Patchwork [06/31] e2p: Fix f[gs]etflags argument size mismatch

login
register
mail settings
Submitter Darrick J. Wong
Date Oct. 1, 2013, 1:27 a.m.
Message ID <20131001012721.28415.97544.stgit@birch.djwong.org>
Download mbox | patch
Permalink /patch/279285/
State Rejected
Headers show

Comments

Darrick J. Wong - Oct. 1, 2013, 1:27 a.m.
The EXT2_IOC_[GS]ETFLAGS ioctls take longs as arguments, however this code only
reserves enough storage for an int.  The kernel drivers (so far) don't transfer
more than an int but FUSE sees the long and assumes that it's ok to write the
full size of the long, which crashes if sizeof(long) > sizeof(int).

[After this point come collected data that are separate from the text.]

lemma continuous_map_to_euclideanI:
  assumes "\<And>x U. x \<in> topspace X \<Longrightarrow> open U \<Longrightarrow> f x \<in> U \<Longrightarrow>
             \<exists>N. openin X N \<and> x \<in> N \<and> (\<forall>y\<in>N. f y \<in> U)"
  shows "continuous_map X euclidean f"
  unfolding continuous_map_def
proof (intro conjI allI impI)
  fix U :: "'b set"
  assume "openin euclidean U"
  then have "open U" by simp
  show "openin X {x \<in> topspace X. f x \<in> U}"
  proof (subst openin_subopen, intro ballI)
    fix x assume "x \<in> {x \<in> topspace X. f x \<in> U}"
    with assms \<open>open U\<close> obtain N where "openin X N" "x \<in> N" "\<forall>y\<in>N. f y \<in> U"
      by blast
    then show "\<exists>T. openin X T \<and> x \<in> T \<and> T \<subseteq> {x \<in> topspace X. f x \<in> U}"
      using openin_subset by blast
  qed
qed simp

definition SA_sum :: "'a::ab_group_add set \<Rightarrow> ('a \<Rightarrow> 'a) \<Rightarrow> 'a" where
  "SA_sum A f = sum f {x\<in>A. f x \<noteq> 0}"

definition SA_zero :: "'a::ab_group_add set \<Rightarrow> 'a \<Rightarrow> 'a" where
  "SA_zero A = (\<lambda>x\<in>A. 0)"

definition SA_diff :: "'a set \<Rightarrow> ('a \<Rightarrow> 'a::ab_group_add) \<Rightarrow> ('a \<Rightarrow> 'a) \<Rightarrow> 'a \<Rightarrow> 'a" where
  "SA_diff A f g = (\<lambda>x\<in>A. f x - g x)"

definition SA_unit :: "'a::ab_group_add set \<Rightarrow> 'a \<Rightarrow> 'a \<Rightarrow> 'a" where
  "SA_unit A a = (\<lambda>x\<in>A. if x = a then a else 0)"

definition SA_vanishing :: "'a::ab_group_add set \<Rightarrow> 'a set \<Rightarrow> ('a \<Rightarrow> 'a) set" where
  "SA_vanishing A F = {f \<in> SA_carrier A. \<forall>x\<in>F. f x = 0}"

lemma SA_carrier_finite_support: "f \<in> SA_carrier A \<Longrightarrow> finite {x\<in>A. f x \<noteq> 0}"
  unfolding SA_carrier_def by auto

lemma SA_carrier_in_cyclic: "f \<in> SA_carrier A \<Longrightarrow> x \<in> A \<Longrightarrow> f x \<in> cyclic x"
  unfolding SA_carrier_def by auto

lemma SA_carrier_extensional: "f \<in> SA_carrier A \<Longrightarrow> f \<in> extensional A"
  unfolding SA_carrier_def by (auto simp: PiE_iff)

lemma SA_carrierI:
  "(\<And>x. x \<in> A \<Longrightarrow> f x \<in> cyclic x) \<Longrightarrow> f \<in> extensional A \<Longrightarrow> finite {x\<in>A. f x \<noteq> 0}
   \<Longrightarrow> f \<in> SA_carrier A"
  unfolding SA_carrier_def by (auto simp: PiE_iff)

lemma topspace_SA_topology [simp]: "topspace (SA_topology A) = SA_carrier A"
  unfolding SA_topology_def SA_carrier_def by auto

lemma SA_sum_eq:
  assumes "finite S" "{x\<in>A. f x \<noteq> 0} \<subseteq> S" "S \<subseteq> A"
  shows "SA_sum A f = sum f S"
  unfolding SA_sum_def using assms by (intro sum.mono_neutral_left) auto

lemma SA_zero_in_carrier: "SA_zero A \<in> SA_carrier A"
  unfolding SA_zero_def by (rule SA_carrierI) (auto simp: zero_in_cyclic)

lemma SA_add_in_carrier:
  assumes f: "f \<in> SA_carrier A" and g: "g \<in> SA_carrier A"
  shows "SA_add A f g \<in> SA_carrier A"
proof (rule SA_carrierI)
  show "SA_add A f g x \<in> cyclic x" if "x \<in> A" for x
    using that SA_carrier_in_cyclic[OF f] SA_carrier_in_cyclic[OF g]
    by (simp add: SA_add_def is_subgroup_add[OF is_subgroup_cyclic])
  have "{x\<in>A. SA_add A f g x \<noteq> 0} \<subseteq> {x\<in>A. f x \<noteq> 0} \<union> {x\<in>A. g x \<noteq> 0}"
    by (auto simp: SA_add_def)
  then show "finite {x\<in>A. SA_add A f g x \<noteq> 0}"
    using SA_carrier_finite_support[OF f] SA_carrier_finite_support[OF g] finite_subset by blast
qed (simp add: SA_add_def)

lemma SA_diff_in_carrier:
  assumes f: "f \<in> SA_carrier A" and g: "g \<in> SA_carrier A"
  shows "SA_diff A f g \<in> SA_carrier A"
proof (rule SA_carrierI)
  show "SA_diff A f g x \<in> cyclic x" if "x \<in> A" for x
    using that SA_carrier_in_cyclic[OF f] SA_carrier_in_cyclic[OF g]
    by (simp add: SA_diff_def is_subgroup_diff[OF is_subgroup_cyclic])
  have "{x\<in>A. SA_diff A f g x \<noteq> 0} \<subseteq> {x\<in>A. f x \<noteq> 0} \<union> {x\<in>A. g x \<noteq> 0}"
    by (auto simp: SA_diff_def)
  then show "finite {x\<in>A. SA_diff A f g x \<noteq> 0}"
    using SA_carrier_finite_support[OF f] SA_carrier_finite_support[OF g] finite_subset by blast
qed (simp add: SA_diff_def)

Signed-off-by: Darrick J. Wong <darrick.wong@oracle.com>
---
 lib/e2p/fgetflags.c |    3 ++-
 lib/e2p/fsetflags.c |    3 ++-
 2 files changed, 4 insertions(+), 2 deletions(-)



--
To unsubscribe from this list: send the line "unsubscribe linux-ext4" in
the body of a message to majordomo@vger.kernel.org
More majordomo info at  http://vger.kernel.org/majordomo-info.html
Theodore Ts'o - Oct. 7, 2013, 1:33 p.m.
On Mon, Sep 30, 2013 at 06:27:21PM -0700, Darrick J. Wong wrote:

> The EXT2_IOC_[GS]ETFLAGS ioctls take longs as arguments, however
> this code only reserves enough storage for an int.  The kernel
> drivers (so far) don't transfer more than an int but FUSE sees the
> long and assumes that it's ok to write the full size of the long,
> which crashes if sizeof(long) > sizeof(int).

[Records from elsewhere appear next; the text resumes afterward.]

lemma nn_integral_std_gaussian_exp_neg_square_le:
  assumes "0 \<le> t" "0 < a"
  shows "(\<integral>\<^sup>+x. ennreal (exp (- t * x\<^sup>2)) \<partial>std_gaussian) \<le> ennreal (2 * a + exp (- t * a\<^sup>2))"
proof -
  have pointwise: "ennreal (std_normal_density x) * ennreal (exp (- t * x\<^sup>2))
      \<le> indicator {-a..a} x + ennreal (exp (- t * a\<^sup>2)) * ennreal (std_normal_density x)" for x
  proof (cases "\<bar>x\<bar> \<le> a")
    case True
    have "std_normal_density x * exp (- t * x\<^sup>2) \<le> 1 * 1"
      using std_normal_density_le_1[of x] assms by (intro mult_mono) auto
    then have "ennreal (std_normal_density x) * ennreal (exp (- t * x\<^sup>2)) \<le> 1"
      by (simp add: ennreal_mult[symmetric] ennreal_le_1)
    then show ?thesis
      using True by (simp add: indicator_def abs_le_iff add_increasing2)
  next
    case False
    then have "t * a\<^sup>2 \<le> t * x\<^sup>2"
      using assms by (intro mult_left_mono) (auto simp: abs_le_square_iff[symmetric])
    then have "ennreal (exp (- t * x\<^sup>2)) \<le> ennreal (exp (- t * a\<^sup>2))"
      by (intro ennreal_leI) simp
    then show ?thesis
      by (simp add: mult.commute mult_left_mono add_increasing)
  qed
  have "(\<integral>\<^sup>+x. ennreal (exp (- t * x\<^sup>2)) \<partial>std_gaussian)
      = (\<integral>\<^sup>+x. ennreal (std_normal_density x) * ennreal (exp (- t * x\<^sup>2)) \<partial>lborel)"
    by (rule nn_integral_std_gaussian) simp
  also have "\<dots> \<le> (\<integral>\<^sup>+x. indicator {-a..a} x + ennreal (exp (- t * a\<^sup>2)) * ennreal (std_normal_density x) \<partial>lborel)"
    by (rule nn_integral_mono) (rule pointwise)
  also have "\<dots> = emeasure lborel {-a..a} + ennreal (exp (- t * a\<^sup>2)) * emeasure std_gaussian UNIV"
    by (subst nn_integral_add) (auto simp: nn_integral_cmult std_gaussian_def emeasure_density)
  also have "\<dots> = ennreal (2 * a + exp (- t * a\<^sup>2))"
    using assms prob_space.emeasure_space_1[OF prob_space_std_gaussian] by (simp add: ennreal_plus)
  finally show ?thesis .
qed

lemma nn_integral_PiM_std_gaussian_exp_sum_square:
  assumes "finite I"
  shows "(\<integral>\<^sup>+g. ennreal (exp (- t * (\<Sum>i\<in>I. (g i)\<^sup>2))) \<partial>\<Pi>\<^sub>M i\<in>I. std_gaussian)
    = (\<integral>\<^sup>+x. ennreal (exp (- t * x\<^sup>2)) \<partial>std_gaussian) ^ card I"
proof -
  interpret product_prob_space "\<lambda>_. std_gaussian" I
    by (intro product_prob_spaceI prob_space_std_gaussian)
  have "ennreal (exp (- t * (\<Sum>i\<in>I. (g i)\<^sup>2))) = (\<Prod>i\<in>I. ennreal (exp (- t * (g i)\<^sup>2)))" for g
    using assms by (simp add: sum_distrib_left exp_sum prod_ennreal)
  then show ?thesis
    using product_nn_integral_prod[OF assms, of "\<lambda>_ x. ennreal (exp (- t * x\<^sup>2))"] by simp
qed

(* With t = 48 * 96^2 the bound above (at a = 1/96) gives E exp(-t x^2) <= 1/24, so the Chernoff
   bound for |g|^2 <= (ln 2 / t) N costs exp(ln 2 * N) (1/24)^N = (1/12)^N. *)
definition chi_square_lower_ratio :: real where
  "chi_square_lower_ratio = ln 2 / (48 * 96\<^sup>2)"

lemma chi_square_lower_ratio_pos: "0 < chi_square_lower_ratio"
  by (simp add: chi_square_lower_ratio_def)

All of the kernel code I was able to audit is treating the
EXT2_IOC_[SG]ETFLAGS ioctls as taking an int, not a long.  So the
defacto definition of [SG]ETFLAGS is that that they take ints, not
longs.  If we make this change which you are proposing, it will cause
problems on big-endian systems where sizeof(long) > sizeof(int) ---
for example, as would be the case on the ppc64 architecture.

I'm not sure what the FUSE problem is?  Can you say more?  Is there
some other way we can work around the problem you are trying to solve?

     	       	      	   	      	      - Ted
--
To unsubscribe from this list: send the line "unsubscribe linux-ext4" in
the body of a message to majordomo@vger.kernel.org
More majordomo info at  http://vger.kernel.org/majordomo-info.html
Darrick J. Wong - Oct. 7, 2013, 8:40 p.m.
On Mon, Oct 07, 2013 at 09:33:04AM -0400, Theodore Ts'o wrote:
> On Mon, Sep 30, 2013 at 06:27:21PM -0700, Darrick J. Wong wrote:
> 
> > The EXT2_IOC_[GS]ETFLAGS ioctls take longs as arguments, however
> > this code only reserves enough storage for an int.  The kernel
> > drivers (so far) don't transfer more than an int but FUSE sees the
> > long and assumes that it's ok to write the full size of the long,
> > which crashes if sizeof(long) > sizeof(int).
> 
> All of the kernel code I was able to audit is treating the
> EXT2_IOC_[SG]ETFLAGS ioctls as taking an int, not a long.  So the
> defacto definition of [SG]ETFLAGS is that that they take ints, not
> longs.  If we make this change which you are proposing, it will cause
> problems on big-endian systems where sizeof(long) > sizeof(int) ---
> for example, as would be the case on the ppc64 architecture.
> 
> I'm not sure what the FUSE problem is?  Can you say more?  Is there
> some other way we can work around the problem you are trying to solve?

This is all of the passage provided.